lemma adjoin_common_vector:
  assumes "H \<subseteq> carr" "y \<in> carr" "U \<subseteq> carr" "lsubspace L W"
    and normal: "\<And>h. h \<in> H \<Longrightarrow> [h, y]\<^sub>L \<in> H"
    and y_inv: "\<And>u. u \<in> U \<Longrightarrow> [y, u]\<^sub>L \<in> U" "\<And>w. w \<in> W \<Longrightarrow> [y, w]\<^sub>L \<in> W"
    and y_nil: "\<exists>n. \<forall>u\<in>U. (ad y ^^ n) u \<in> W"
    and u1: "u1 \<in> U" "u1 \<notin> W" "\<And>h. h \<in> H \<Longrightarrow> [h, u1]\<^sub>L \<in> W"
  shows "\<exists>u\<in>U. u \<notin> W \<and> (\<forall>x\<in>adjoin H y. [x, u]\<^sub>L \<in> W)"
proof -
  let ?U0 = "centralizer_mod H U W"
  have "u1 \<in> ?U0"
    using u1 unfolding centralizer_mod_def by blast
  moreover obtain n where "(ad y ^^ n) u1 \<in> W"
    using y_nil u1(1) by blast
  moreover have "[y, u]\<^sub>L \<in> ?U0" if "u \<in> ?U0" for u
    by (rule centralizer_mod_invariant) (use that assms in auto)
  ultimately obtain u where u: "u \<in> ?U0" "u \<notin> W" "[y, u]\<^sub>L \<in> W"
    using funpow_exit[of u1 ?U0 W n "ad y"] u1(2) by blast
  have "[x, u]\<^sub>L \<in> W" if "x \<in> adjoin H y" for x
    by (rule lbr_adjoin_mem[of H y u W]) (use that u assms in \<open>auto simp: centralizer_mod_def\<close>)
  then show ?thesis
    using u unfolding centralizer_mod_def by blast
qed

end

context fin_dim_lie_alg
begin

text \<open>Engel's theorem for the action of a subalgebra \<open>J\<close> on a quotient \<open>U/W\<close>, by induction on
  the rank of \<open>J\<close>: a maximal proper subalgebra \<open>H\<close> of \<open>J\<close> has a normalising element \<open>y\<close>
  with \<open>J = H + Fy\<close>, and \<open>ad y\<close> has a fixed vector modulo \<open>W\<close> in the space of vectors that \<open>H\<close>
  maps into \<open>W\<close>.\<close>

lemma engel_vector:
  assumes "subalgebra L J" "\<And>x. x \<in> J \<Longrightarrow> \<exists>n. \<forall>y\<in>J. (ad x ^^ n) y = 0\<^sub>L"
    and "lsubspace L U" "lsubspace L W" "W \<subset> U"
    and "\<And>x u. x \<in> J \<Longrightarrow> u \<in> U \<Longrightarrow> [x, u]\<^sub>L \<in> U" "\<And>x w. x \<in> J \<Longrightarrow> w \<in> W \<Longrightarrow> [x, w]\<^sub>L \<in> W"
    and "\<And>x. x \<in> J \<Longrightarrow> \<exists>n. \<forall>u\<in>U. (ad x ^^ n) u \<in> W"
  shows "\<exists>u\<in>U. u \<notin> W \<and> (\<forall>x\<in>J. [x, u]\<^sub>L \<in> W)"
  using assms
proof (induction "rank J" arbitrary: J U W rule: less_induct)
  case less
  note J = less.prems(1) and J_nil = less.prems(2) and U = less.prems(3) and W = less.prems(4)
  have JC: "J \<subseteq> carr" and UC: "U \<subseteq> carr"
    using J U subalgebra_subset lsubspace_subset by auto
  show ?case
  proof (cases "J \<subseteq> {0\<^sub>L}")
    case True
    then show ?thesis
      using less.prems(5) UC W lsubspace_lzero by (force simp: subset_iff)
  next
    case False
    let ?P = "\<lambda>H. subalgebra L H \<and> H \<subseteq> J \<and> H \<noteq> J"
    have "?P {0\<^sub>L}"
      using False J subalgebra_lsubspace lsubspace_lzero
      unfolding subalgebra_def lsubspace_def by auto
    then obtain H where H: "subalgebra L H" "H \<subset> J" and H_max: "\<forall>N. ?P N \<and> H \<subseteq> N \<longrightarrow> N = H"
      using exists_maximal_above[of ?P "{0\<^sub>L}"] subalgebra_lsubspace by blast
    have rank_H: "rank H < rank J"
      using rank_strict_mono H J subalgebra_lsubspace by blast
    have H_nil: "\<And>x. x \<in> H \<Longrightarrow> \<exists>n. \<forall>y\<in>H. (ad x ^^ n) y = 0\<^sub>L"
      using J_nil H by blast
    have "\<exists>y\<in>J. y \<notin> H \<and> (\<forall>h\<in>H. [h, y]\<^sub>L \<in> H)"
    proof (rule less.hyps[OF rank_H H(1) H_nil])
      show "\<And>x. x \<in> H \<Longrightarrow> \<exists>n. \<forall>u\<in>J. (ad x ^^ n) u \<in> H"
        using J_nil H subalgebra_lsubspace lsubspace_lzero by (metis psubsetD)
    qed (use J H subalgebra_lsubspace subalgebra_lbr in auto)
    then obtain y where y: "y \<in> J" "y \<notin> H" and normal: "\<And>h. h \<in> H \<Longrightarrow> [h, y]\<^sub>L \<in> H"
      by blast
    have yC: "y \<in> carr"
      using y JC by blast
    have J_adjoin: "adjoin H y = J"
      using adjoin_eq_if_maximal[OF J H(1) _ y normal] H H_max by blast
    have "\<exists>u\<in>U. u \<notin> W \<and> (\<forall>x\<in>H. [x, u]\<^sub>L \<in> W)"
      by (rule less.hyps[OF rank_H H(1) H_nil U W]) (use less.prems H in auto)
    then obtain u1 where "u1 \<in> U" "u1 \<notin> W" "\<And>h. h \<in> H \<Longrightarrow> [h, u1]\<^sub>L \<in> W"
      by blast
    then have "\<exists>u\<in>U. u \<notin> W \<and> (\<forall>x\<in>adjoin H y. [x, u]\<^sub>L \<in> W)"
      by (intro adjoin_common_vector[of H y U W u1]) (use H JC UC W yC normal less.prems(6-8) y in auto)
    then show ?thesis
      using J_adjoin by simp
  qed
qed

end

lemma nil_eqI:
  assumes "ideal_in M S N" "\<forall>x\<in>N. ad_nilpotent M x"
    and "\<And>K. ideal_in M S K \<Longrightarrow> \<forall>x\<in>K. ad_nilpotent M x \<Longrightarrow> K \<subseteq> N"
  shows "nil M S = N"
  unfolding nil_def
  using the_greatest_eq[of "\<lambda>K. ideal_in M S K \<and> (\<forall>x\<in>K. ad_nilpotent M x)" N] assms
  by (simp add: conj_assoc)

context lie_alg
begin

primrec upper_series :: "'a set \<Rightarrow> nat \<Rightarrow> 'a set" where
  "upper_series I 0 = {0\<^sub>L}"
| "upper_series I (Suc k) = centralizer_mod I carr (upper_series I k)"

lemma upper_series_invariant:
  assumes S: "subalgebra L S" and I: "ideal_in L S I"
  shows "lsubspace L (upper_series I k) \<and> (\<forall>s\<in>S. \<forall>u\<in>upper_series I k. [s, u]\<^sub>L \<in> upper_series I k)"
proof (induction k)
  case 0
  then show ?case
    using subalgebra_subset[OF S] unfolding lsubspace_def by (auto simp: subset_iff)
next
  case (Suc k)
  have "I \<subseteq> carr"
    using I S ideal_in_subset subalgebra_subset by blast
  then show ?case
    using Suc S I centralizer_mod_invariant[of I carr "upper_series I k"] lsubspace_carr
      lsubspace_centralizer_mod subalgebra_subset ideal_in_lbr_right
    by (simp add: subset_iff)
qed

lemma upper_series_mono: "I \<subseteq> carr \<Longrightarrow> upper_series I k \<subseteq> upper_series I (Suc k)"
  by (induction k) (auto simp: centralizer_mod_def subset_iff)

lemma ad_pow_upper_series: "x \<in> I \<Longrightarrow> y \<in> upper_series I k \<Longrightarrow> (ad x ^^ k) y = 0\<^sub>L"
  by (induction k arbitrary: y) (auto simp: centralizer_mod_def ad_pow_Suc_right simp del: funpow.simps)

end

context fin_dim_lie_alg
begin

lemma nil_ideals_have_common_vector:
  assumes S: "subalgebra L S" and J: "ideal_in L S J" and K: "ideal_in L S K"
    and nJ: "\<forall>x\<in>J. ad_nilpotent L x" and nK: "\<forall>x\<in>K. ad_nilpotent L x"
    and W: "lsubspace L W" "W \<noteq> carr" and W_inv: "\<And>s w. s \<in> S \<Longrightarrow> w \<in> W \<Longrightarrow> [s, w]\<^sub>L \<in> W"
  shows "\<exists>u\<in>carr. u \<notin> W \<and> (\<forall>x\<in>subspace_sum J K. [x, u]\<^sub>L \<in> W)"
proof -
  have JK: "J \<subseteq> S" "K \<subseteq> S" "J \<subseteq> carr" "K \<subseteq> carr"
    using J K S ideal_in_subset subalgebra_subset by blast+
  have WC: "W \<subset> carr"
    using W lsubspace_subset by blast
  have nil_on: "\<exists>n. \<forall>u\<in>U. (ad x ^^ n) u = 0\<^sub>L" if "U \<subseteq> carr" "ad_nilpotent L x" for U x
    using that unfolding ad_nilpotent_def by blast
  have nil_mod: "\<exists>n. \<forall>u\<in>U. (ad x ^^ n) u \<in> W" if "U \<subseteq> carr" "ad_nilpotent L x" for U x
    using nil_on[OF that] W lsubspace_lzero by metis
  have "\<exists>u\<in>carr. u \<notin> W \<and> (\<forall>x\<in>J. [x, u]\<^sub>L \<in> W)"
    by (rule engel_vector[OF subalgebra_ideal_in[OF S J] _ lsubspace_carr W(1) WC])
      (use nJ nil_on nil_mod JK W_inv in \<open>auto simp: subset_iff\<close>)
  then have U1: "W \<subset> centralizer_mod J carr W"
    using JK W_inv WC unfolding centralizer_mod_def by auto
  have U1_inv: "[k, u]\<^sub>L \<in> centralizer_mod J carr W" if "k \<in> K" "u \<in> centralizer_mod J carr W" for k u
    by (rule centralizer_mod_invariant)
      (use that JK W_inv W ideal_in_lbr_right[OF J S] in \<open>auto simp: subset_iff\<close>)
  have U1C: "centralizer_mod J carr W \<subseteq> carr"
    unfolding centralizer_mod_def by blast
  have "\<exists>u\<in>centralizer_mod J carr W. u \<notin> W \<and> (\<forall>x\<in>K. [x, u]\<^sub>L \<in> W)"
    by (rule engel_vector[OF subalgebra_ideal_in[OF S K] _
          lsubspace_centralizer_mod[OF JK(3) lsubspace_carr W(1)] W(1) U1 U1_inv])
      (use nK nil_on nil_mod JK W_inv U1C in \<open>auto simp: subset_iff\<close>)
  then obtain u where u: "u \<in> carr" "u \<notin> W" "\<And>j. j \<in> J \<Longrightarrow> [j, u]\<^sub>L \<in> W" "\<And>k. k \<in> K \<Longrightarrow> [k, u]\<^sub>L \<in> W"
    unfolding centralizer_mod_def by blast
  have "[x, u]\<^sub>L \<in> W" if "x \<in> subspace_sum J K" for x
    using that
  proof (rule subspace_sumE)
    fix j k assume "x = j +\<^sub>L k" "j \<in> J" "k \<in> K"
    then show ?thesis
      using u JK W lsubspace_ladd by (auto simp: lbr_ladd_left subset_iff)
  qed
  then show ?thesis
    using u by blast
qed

• • •

* TASK REQUIREMENTS: Working from the material above, restate word for word the lines between the line with "with \<open>J = H" and the line with "H \<subseteq> J", both included, and only those.

* REPLY:
  with \<open>J = H + Fy\<close>, and \<open>ad y\<close> has a fixed vector modulo \<open>W\<close> in the space of vectors that \<open>H\<close>
  maps into \<open>W\<close>.\<close>

lemma engel_vector:
  assumes "subalgebra L J" "\<And>x. x \<in> J \<Longrightarrow> \<exists>n. \<forall>y\<in>J. (ad x ^^ n) y = 0\<^sub>L"
    and "lsubspace L U" "lsubspace L W" "W \<subset> U"
    and "\<And>x u. x \<in> J \<Longrightarrow> u \<in> U \<Longrightarrow> [x, u]\<^sub>L \<in> U" "\<And>x w. x \<in> J \<Longrightarrow> w \<in> W \<Longrightarrow> [x, w]\<^sub>L \<in> W"
    and "\<And>x. x \<in> J \<Longrightarrow> \<exists>n. \<forall>u\<in>U. (ad x ^^ n) u \<in> W"
  shows "\<exists>u\<in>U. u \<notin> W \<and> (\<forall>x\<in>J. [x, u]\<^sub>L \<in> W)"
  using assms
proof (induction "rank J" arbitrary: J U W rule: less_induct)
  case less
  note J = less.prems(1) and J_nil = less.prems(2) and U = less.prems(3) and W = less.prems(4)
  have JC: "J \<subseteq> carr" and UC: "U \<subseteq> carr"
    using J U subalgebra_subset lsubspace_subset by auto
  show ?case
  proof (cases "J \<subseteq> {0\<^sub>L}")
    case True
    then show ?thesis
      using less.prems(5) UC W lsubspace_lzero by (force simp: subset_iff)
  next
    case False
    let ?P = "\<lambda>H. subalgebra L H \<and> H \<subseteq> J \<and> H \<noteq> J"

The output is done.